The following sections provide additional details about the library API.

enum doca_flow_ct_flags

DOCA Flow CT configuration optional flags.

Flag

Description

DOCA_FLOW_CT_FLAG_STATS = 1u << 0

Enable internal pipe counters for packet tracking purposes. Call doca_flow_pipe_dump(<ct_pipe>) to dump counter values. Each call dumps values changed.

DOCA_FLOW_CT_FLAG_WORKER_STATS = 1u << 1,

Enable worker thread internal debug counter periodical dump. Autonomous mode only.

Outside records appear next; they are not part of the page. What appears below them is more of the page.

(* Let $n\ge3$, $\rho\in[0,1)$ and $\alpha\in[0,\tfrac{\pi}{2}]$. Then $$\int_{-1}^1 \frac{\big(\frac{n-2}{n}\rho\cos\alpha-x\big)(1-x^2)^{\frac{n-3}{2}}}{(1+\rho^2-2\rho x \cos\alpha)^{\frac{n}{2}-1}}\, {}_2 F_1\Big(\tfrac{n-2}{4}, \tfrac{n}{4};\tfrac{n-1}{2}; \tfrac{4\rho^2 \sin^2\alpha\, (1-x^2)}{(1+\rho^2-2\rho x \cos\alpha)^2}\Big)\, dx=0.$$
   Context: ${}_2F_1$ is the Gauss hypergeometric function. *)

theory Defs
  imports "HOL-Analysis.Analysis"
begin

definition hyp2F1 :: "real \<Rightarrow> real \<Rightarrow> real \<Rightarrow> real \<Rightarrow> real" where
  "hyp2F1 a b c z =
     (\<Sum>k. pochhammer a k * pochhammer b k / (pochhammer c k * fact k) * z ^ k)"

end

theory Submission
  imports Defs
begin

text \<open>Put \<open>m = n/2 - 1\<close>. Then \<open>(1 + \<rho>\<^sup>2 - 2 \<rho> t) powr (-m)\<close> is the Newtonian potential
  \<open>|\<rho> e - u|^(2 - n)\<close> of \<open>\<real>^n\<close> at unit vectors \<open>e, u\<close> with \<open>\<langle>e, u\<rangle> = t\<close>, and
  \<open>(1 - x\<^sup>2) powr (m - 1/2)\<close> is the density of \<open>\<langle>e, u\<rangle>\<close> for \<open>u\<close> uniform on the sphere.
  Expanding the potential in powers of \<open>t = x cos \<alpha> + \<tau> sqrt(1 - x\<^sup>2) sin \<alpha>\<close> and averaging
  over \<open>\<tau>\<close> produces the hypergeometric factor. Integrating term by term, the moments of the
  weight do not see the tilt by \<open>\<alpha>\<close>, so the integral is \<open>cos \<alpha>\<close> times a series \<open>\<Phi>(\<rho>)\<close>
  independent of \<open>\<alpha>\<close>. For \<open>\<alpha> = 0\<close> the integral vanishes by harmonicity: Laplace's equation
  turns the weighted averages of the potential and of \<open>x\<close> times the potential into Euler
  equations in \<open>\<rho>\<close>, so the first is constant (the mean value property) and the second is
  linear in \<open>\<rho>\<close> with slope \<open>(n - 2)/n\<close> times the first. Hence \<open>\<Phi> = 0\<close>.\<close>

section \<open>The Gegenbauer weight and its moments\<close>

lemma one_minus_square_nonneg: "x \<in> {-1..1} \<Longrightarrow> 0 \<le> 1 - (x::real)\<^sup>2"
  by (simp add: abs_square_le_1 abs_le_iff)

lemma one_minus_square_pos: "x \<in> {-1<..<1} \<Longrightarrow> 0 < 1 - (x::real)\<^sup>2"
  by (simp add: abs_square_less_1 abs_less_iff)

lemma has_real_derivative_one_minus_square_powr:
  assumes "x \<in> {-1<..<1}"
  shows "((\<lambda>x. (1 - x\<^sup>2) powr p) has_real_derivative p * (1 - x\<^sup>2) powr (p - 1) * (- 2 * x)) (at x)"
proof -
  have "((\<lambda>x. 1 - x\<^sup>2) has_real_derivative - 2 * x) (at x)"
    by (auto intro!: derivative_eq_intros)
  from DERIV_fun_powr[OF this one_minus_square_pos[OF assms], of p] show ?thesis by simp
qed

lemma continuous_on_one_minus_square_powr:
  "0 < p \<Longrightarrow> continuous_on {-1..1} (\<lambda>x::real. (1 - x\<^sup>2) powr p)"
  using one_minus_square_nonneg by (intro continuous_on_powr' continuous_intros) auto

text \<open>Since \<open>0 powr 0 = 0\<close>, the function \<open>\<lambda>x. (1 - x\<^sup>2) powr 0\<close> vanishes at \<open>\<plusminus>1\<close>;
  this variant of the weight is continuous on \<open>[-1, 1]\<close> for every \<open>\<nu> \<ge> 0\<close>.\<close>
definition gegenbauer_weight :: "real \<Rightarrow> real \<Rightarrow> real" where
  "gegenbauer_weight \<nu> x = (if \<nu> = 0 then 1 else (1 - x\<^sup>2) powr \<nu>)"

lemma gegenbauer_weight_eq: "x \<in> {-1<..<1} \<Longrightarrow> gegenbauer_weight \<nu> x = (1 - x\<^sup>2) powr \<nu>"
  using one_minus_square_pos[of x] by (simp add: gegenbauer_weight_def)

lemma gegenbauer_weight_minus: "gegenbauer_weight \<nu> (- x) = gegenbauer_weight \<nu> x"
  by (simp add: gegenbauer_weight_def)

lemma gegenbauer_weight_nonneg: "0 \<le> gegenbauer_weight \<nu> x"
  by (simp add: gegenbauer_weight_def)

lemma gegenbauer_weight_le_1:
  assumes "x \<in> {-1..1}" "\<nu> \<ge> 0"
  shows "gegenbauer_weight \<nu> x \<le> 1"
  using one_minus_square_nonneg[OF assms(1)] assms(2) by (simp add: gegenbauer_weight_def powr_le1)

lemma continuous_on_gegenbauer_weight:
  assumes "\<nu> \<ge> 0"
  shows "continuous_on {-1..1} (gegenbauer_weight \<nu>)"
  using continuous_on_one_minus_square_powr[of \<nu>] assms
  by (cases "\<nu> = 0") (simp_all add: gegenbauer_weight_def)

lemma gegenbauer_weight_add_nat:
  assumes "x \<in> {-1..1}" "\<nu> \<ge> 0"
  shows "(1 - x\<^sup>2) ^ l * gegenbauer_weight \<nu> x = gegenbauer_weight (\<nu> + real l) x"
proof -
  have t: "0 \<le> 1 - x\<^sup>2" using assms(1) by (rule one_minus_square_nonneg)
  show ?thesis
  proof (cases "1 - x\<^sup>2 = 0")
    case True
    then show ?thesis using assms(2) by (cases "l = 0") (auto simp: gegenbauer_weight_def)
  next
    case False
    with t have "0 < 1 - x\<^sup>2" by simp
    then show ?thesis using assms(2)
      by (auto simp: gegenbauer_weight_def powr_add powr_realpow)
  qed
qed

definition moment :: "real \<Rightarrow> nat \<Rightarrow> real" where
  "moment \<nu> k = integral {-1..1} (\<lambda>x. x ^ k * gegenbauer_weight \<nu> x)"

lemma has_integral_moment:
  "\<nu> \<ge> 0 \<Longrightarrow> ((\<lambda>x. x ^ k * gegenbauer_weight \<nu> x) has_integral moment \<nu> k) {-1..1}"
  unfolding moment_def
  by (intro integrable_integral integrable_continuous_interval continuous_intros
      continuous_on_gegenbauer_weight)

lemma moment_odd:
  assumes "odd k"
  shows "moment \<nu> k = 0"
proof -
  let ?f = "\<lambda>x::real. x ^ k * gegenbauer_weight \<nu> x"
  have "integral {-1..1} ?f = integral {-1..1} (\<lambda>x. ?f (-x))"
    using Henstock_Kurzweil_Integration.integral_reflect_real[of 1 "-1" ?f] by (simp only: minus_minus)
  also have "(\<lambda>x. ?f (-x)) = (\<lambda>x. - ?f x)"
    using assms by (simp add: gegenbauer_weight_minus)
  finally show ?thesis by (simp add: moment_def)
qed

lemma abs_moment_le:
  assumes "\<nu> \<ge> 0"
  shows "\<bar>moment \<nu> k\<bar> \<le> 2"
proof -
  have "norm (x ^ k * gegenbauer_weight \<nu> x) \<le> 1" if "x \<in> cbox (-1) 1" for x :: real
  proof -
    have "\<bar>x\<bar> ^ k \<le> 1" using that by (intro power_le_one) auto
    moreover have "gegenbauer_weight \<nu> x \<le> 1" using that assms by (simp add: gegenbauer_weight_le_1)
    ultimately show ?thesis
      by (simp add: abs_mult power_abs gegenbauer_weight_nonneg mult_le_one)
  qed
  then show ?thesis
    using has_integral_bound[of 1 "\<lambda>x. x ^ k * gegenbauer_weight \<nu> x" "moment \<nu> k" "-1" 1]
      has_integral_moment[OF assms, of k] by simp
qed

DOCA_FLOW_CT_FLAG_NO_AGING = 1u << 2,

Disable aging

DOCA_FLOW_CT_FLAG_SW_PKT_PARSING = 1u << 3,

Enable CT worker software packet parsing to support VLAN, IPv6 options, or special tunnel types

DOCA_FLOW_CT_FLAG_MANAGED = 1u << 4,

Enable managed mode in which user application is responsible for managing packet handling, and calling the CT API to manipulate CT connection entries

DOCA_FLOW_CT_FLAG_ASYMMETRIC = 1u << 5,

Allows different 6-tuple table definitions for the origin and reply directions. Default to symmetric mode, uses same meta and reverse 5-tuples for reply direction. Managed mode only.

DOCA_FLOW_CT_FLAG_ASYMMETRIC_COUNTER = 1u << 6,

Enable different counters for the origin and reply directions. Managed mode only.

DOCA_FLOW_CT_FLAG_NO_COUNTER = 1u << 7,

Disable counter and aging to save aging thread CPU cycles

DOCA_FLOW_CT_FLAG_DEFAULT_MISS = 1u << 8,

Check TCP SYN flags and UDP in CT miss flow to identify ADD type packets.

DOCA_FLOW_CT_FLAG_WIRE_TO_WIRE = 1u << 9,

Hint traffic comes from uplink wire and forwards to uplink wire.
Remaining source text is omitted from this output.